100%|██████████| 8809/8809 [00:01<00:00, 4800.18it/s]


34

And there are 34 contracts with multiple contracts. Let's write a method to parse them:

In [30]:
def split_contract(identifier, output_path):
    """
    Uses phrase in the header to split the contract into multiple partial_texts, then saves those into separate files where new 
    name is the contract number + tag + index.
    """
    c = Contract(identifier)
    pattern = re.compile(r'[^\n]*STATE OF CALIFORNIA\s+B I D   S U M M A R Y\s+DEPARTMENT OF TRANSPORTATION')
    matches = re.finditer(pattern, c.file_contents)

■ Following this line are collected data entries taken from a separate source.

text \<open>
  With \<open>t = \<parallel>s\<parallel>\<^sup>2\<close> and \<open>x = s + t i\<close>, the C*-identity gives \<open>\<parallel>x\<parallel>\<^sup>2 = \<parallel>s\<^sup>2 + t\<^sup>2\<parallel> < (1 + t)\<^sup>2\<close>,
  and \<open>s - i = - (1 + t) i (1 + i x / (1 + t))\<close> is a unit times a Neumann-invertible element.
\<close>

lemma invertible_elem_self_adjoint_minus_imag_unit:
  fixes s :: "'a::cstar_algebra"
  assumes "cstar s = s"
  shows "invertible_elem (s - imag_unit)"
proof -
  define t where "t = (norm s)\<^sup>2"
  define c where "c = 1 + t"
  define x where "x = s + scaleR t imag_unit"
  have t_nonneg: "t \<ge> 0" unfolding t_def by simp
  have c_pos: "c > 0" unfolding c_def using t_nonneg by simp
  have cstar_x: "cstar x = s - scaleR t imag_unit"
    unfolding x_def by (simp add: cstar_add cstar_scaleR assms cstar_imag_unit)
  have "cstar x * x = s * s + scaleR (t\<^sup>2) 1"
    unfolding cstar_x unfolding x_def
    by (simp add: algebra_simps imag_unit_commute[of s] imag_unit_mult_self power2_eq_square)
  then have "(norm x)\<^sup>2 = norm (s * s + scaleR (t\<^sup>2) 1)"
    by (metis cstar_identity)
  also have "\<dots> \<le> norm (s * s) + t\<^sup>2"
    using norm_triangle_ineq[of "s * s" "scaleR (t\<^sup>2) 1"] by simp
  also have "\<dots> \<le> t + t\<^sup>2"
    using norm_mult_ineq[of s s] unfolding t_def by (simp add: power2_eq_square)
  also have "\<dots> < c\<^sup>2"
    unfolding c_def using t_nonneg by (simp add: power2_eq_square algebra_simps)
  finally have norm_x: "norm x < c"
    using c_pos by (smt (verit) norm_ge_zero power_mono)
  define y where "y = scaleR (1 / c) (imag_unit * x)"
  have norm_y: "norm y < 1"
    unfolding y_def using c_pos norm_x norm_mult_ineq[of imag_unit x]
    by (simp add: norm_imag_unit divide_simps)
  have "scaleR (- c) imag_unit * y = x"
    unfolding y_def using c_pos by (simp add: imag_unit_mult_imag_unit)
  then have factor: "s - imag_unit = scaleR (- c) imag_unit * (1 + y)"
    unfolding x_def c_def by (simp add: algebra_simps)
  have "invertible_elem (scaleR (- c) (imag_unit::'a))"
    unfolding invertible_elem_def using c_pos
    by (intro exI[of _ "scaleR (1 / c) imag_unit"]) (simp add: imag_unit_mult_self)
  then show ?thesis
    unfolding factor using invertible_elem_mult invertible_elem_one_plus[OF norm_y] by blast
qed

lemma invertible_elem_one_minus_square_skew:
  fixes w :: "'a::cstar_algebra"
  assumes "cstar w = - w"
  shows "invertible_elem (1 - w * w)"
proof -
  define s where "s = imag_unit * w"
  have s_sa: "cstar s = s"
    unfolding s_def using assms by (simp add: cstar_mult cstar_imag_unit imag_unit_commute)
  then have "cstar (- s) = - s" by (simp add: cstar_minus)
  from invertible_elem_minus[OF invertible_elem_self_adjoint_minus_imag_unit[OF this]]
  have "invertible_elem (s + imag_unit)" by (simp add: add.commute)
  moreover have "invertible_elem (s - imag_unit)"
    by (rule invertible_elem_self_adjoint_minus_imag_unit[OF s_sa])
  moreover have "s * s = - (w * w)"
    unfolding s_def by (metis imag_unit_commute imag_unit_mult_imag_unit mult.assoc)
  then have "(s + imag_unit) * (s - imag_unit) = 1 - w * w"
    by (simp add: algebra_simps imag_unit_commute[of s] imag_unit_mult_self)
  ultimately show ?thesis using invertible_elem_mult by metis
qed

    # Extract and print starting positions
    positions = [match.start() for match in matches] + [None]

    new_identifiers = []
    for i in range(len(positions) - 1):
        text_portion = '\n\n\n' + c.file_contents[positions[i]:positions[i+1]]  # add some newlines at the beginning
        # read the contract from the header:
        contract_number_regex = re.compile(r"CONTRACT NUMBER\s+([A-Za-z0-9-]+)")
        match = re.search(contract_number_regex, text_portion)
        
        new_identifier = match.group(1) + '.pdf_' + c.tag
        
        if new_identifier in new_identifiers:
            print(f"Found duplicate new identifier when parsing: {identifier}")
            continue
        
        output_file_path = output_path / f"{new_identifier}.txt"
        with open(output_file_path, 'w') as output_file:
            output_file.write(text_portion)
            
        new_identifiers.append(new_identifier)

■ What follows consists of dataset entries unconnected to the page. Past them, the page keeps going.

(* Let $f:X\to\mathcal G$ be convex and $x_0\in\operatorname{dom} f$. If $x_0$ solves the strict set-valued Minty inequality, i.e. $f'(x,x_0-x)\supseteq 0^+f(x_0)$ for all $x\in X$, then it solves the strict scalarized Minty inequality, i.e. $\varphi'_{f,z^*}(x,x_0-x)\le0$ for all $x\in X$ and $z^*\in C^-\setminus\{0\}$. If additionally the weak regularity condition $f'(x,u)=\bigcap_{z^*\in C^-\setminus\{0\}}f'_{z^*}(x,u)$ holds for all $x,u\in X$, then the reverse implication holds as well.
   Context: $X$ real linear space, $Z$ real locally convex Hausdorff space with dual $Z^*$, $C\subseteq Z$ closed convex cone, $0\in C$, $C^-=\{z^*:z^*(c)\le0\ \forall c\in C\}$, $C^-\setminus\{0\}\ne\emptyset$. $\mathcal G=\{A\subseteq Z:A=\operatorname{cl}\operatorname{co}(A+C)\}$; $A\oplus B=\operatorname{cl}\{a+b\}$, $tA=\{ta\}$ ($t>0$), $A\ominus B=\{z:B+\{z\}\subseteq A\}$; $0^+A=\{z:A+\{z\}\subseteq A\}$ for $A\ne\emptyset$. $f$ convex: $f(tx_1+(1-t)x_2)\supseteq tf(x_1)\oplus(1-t)f(x_2)$; $\operatorname{dom}f=\{x:f(x)\neq\emptyset\}$. For $g:X\to\mathcal G$, $g'(x,u)=\bigcap_{t_0>0}\operatorname{cl}\operatorname{co}\bigcup_{0<t<t_0}\frac1t(g(x+tu)\ominus g(x))$. On $\overline{\mathbb R}$: inf-addition $\dot+$ ($(-\infty)\dot+(+\infty)=+\infty$), $r\ominus s=\inf\{t\in\mathbb R:r\le s\dot+t\}$ ($\inf\emptyset=+\infty$). $\varphi_{f,z^*}(x)=\inf\{-z^*(z):z\in f(x)\}$ ($+\infty$ if $f(x)=\emptyset$), $\varphi'_{f,z^*}(x,u)=\inf_{t>0}\frac1t(\varphi_{f,z^*}(x+tu)\ominus\varphi_{f,z^*}(x))$. $f_{z^*}(x)=\{z:\varphi_{f,z^*}(x)\le -z^*(z)\}$, and $f'_{z^*}$ is the directional derivative of $f_{z^*}$. *)

theory Defs
  imports "HOL-Analysis.Analysis"
begin

(* Z is a real locally convex Hausdorff topological vector space.
   Hausdorff comes from the type class t2_space; the rest is this predicate. *)
definition lc_tvs :: "'z::{real_vector,topological_space} itself \<Rightarrow> bool" where
  "lc_tvs _ \<longleftrightarrow>
     continuous_on UNIV (\<lambda>p::'z \<times> 'z. fst p + snd p) \<and>
     continuous_on UNIV (\<lambda>p::real \<times> 'z. fst p *\<^sub>R snd p) \<and>
     (\<forall>U::'z set. open U \<and> 0 \<in> U \<longrightarrow> (\<exists>V. open V \<and> convex V \<and> 0 \<in> V \<and> V \<subseteq> U))"

definition dualsp :: "('z::{real_vector,topological_space} \<Rightarrow> real) set" where
  "dualsp = {zs. linear zs \<and> continuous_on UNIV zs}"

definition negdual :: "'z::{real_vector,topological_space} set \<Rightarrow> ('z \<Rightarrow> real) set" where
  "negdual C = {zs \<in> dualsp. \<forall>c\<in>C. zs c \<le> 0}"

definition setplus :: "'z::real_vector set \<Rightarrow> 'z set \<Rightarrow> 'z set" where
  "setplus A B = {a + b | a b. a \<in> A \<and> b \<in> B}"

definition setscale :: "real \<Rightarrow> 'z::real_vector set \<Rightarrow> 'z set" where
  "setscale t A = {t *\<^sub>R a | a. a \<in> A}"

definition GC :: "'z::{real_vector,topological_space} set \<Rightarrow> 'z set set" where
  "GC C = {A. A = closure (convex hull (setplus A C))}"

definition oplus :: "'z::{real_vector,topological_space} set \<Rightarrow> 'z set \<Rightarrow> 'z set" where
  "oplus A B = closure (setplus A B)"

definition ominus :: "'z::real_vector set \<Rightarrow> 'z set \<Rightarrow> 'z set" where
  "ominus A B = {z. setplus B {z} \<subseteq> A}"

(* recession cone 0^+A (used only for nonempty A) *)
definition recc :: "'z::real_vector set \<Rightarrow> 'z set" where
  "recc A = {z. setplus A {z} \<subseteq> A}"

definition sv_convex :: "('x::real_vector \<Rightarrow> 'z::{real_vector,topological_space} set) \<Rightarrow> bool" where
  "sv_convex f \<longleftrightarrow> (\<forall>x1 x2 t. 0 < t \<and> t < 1 \<longrightarrow>
      oplus (setscale t (f x1)) (setscale (1 - t) (f x2)) \<subseteq> f (t *\<^sub>R x1 + (1 - t) *\<^sub>R x2))"

definition sv_dom :: "('x \<Rightarrow> 'z set) \<Rightarrow> 'x set" where
  "sv_dom f = {x. f x \<noteq> {}}"

definition sv_dirder :: "('x::real_vector \<Rightarrow> 'z::{real_vector,topological_space} set) \<Rightarrow> 'x \<Rightarrow> 'x \<Rightarrow> 'z set" where
  "sv_dirder g x u = (\<Inter>t0\<in>{t0::real. t0 > 0}.
      closure (convex hull (\<Union>t\<in>{t. 0 < t \<and> t < t0}. setscale (1 / t) (ominus (g (x + t *\<^sub>R u)) (g x)))))"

    return new_identifiers


and let's now write them into separate files:

In [32]:
SPLITS_PATH = RAW_DATA_PATH / 'splits'
SPLITS_PATH.mkdir(exist_ok=True)

notes = []
for identifier in multiples:
    try:
        new_identifiers = split_contract(identifier, SPLITS_PATH)
        for new_identifier in new_identifiers:
            notes.append({'original_identifier': identifier, 'new_identifier': new_identifier})
    except Exception as e:
        print(f'Error processing {identifier}: {e}')
        
pd.DataFrame(notes).to_csv(RAW_DATA_PATH / 'type_3_files.csv', index=False)

Error processing 06-0L8404_3005: 'NoneType' object has no attribute 'group'
Found duplicate new identifier when parsing: 07-338004_11638


(06-0L8404_3005 and 07-338004_11638 have errors already reported)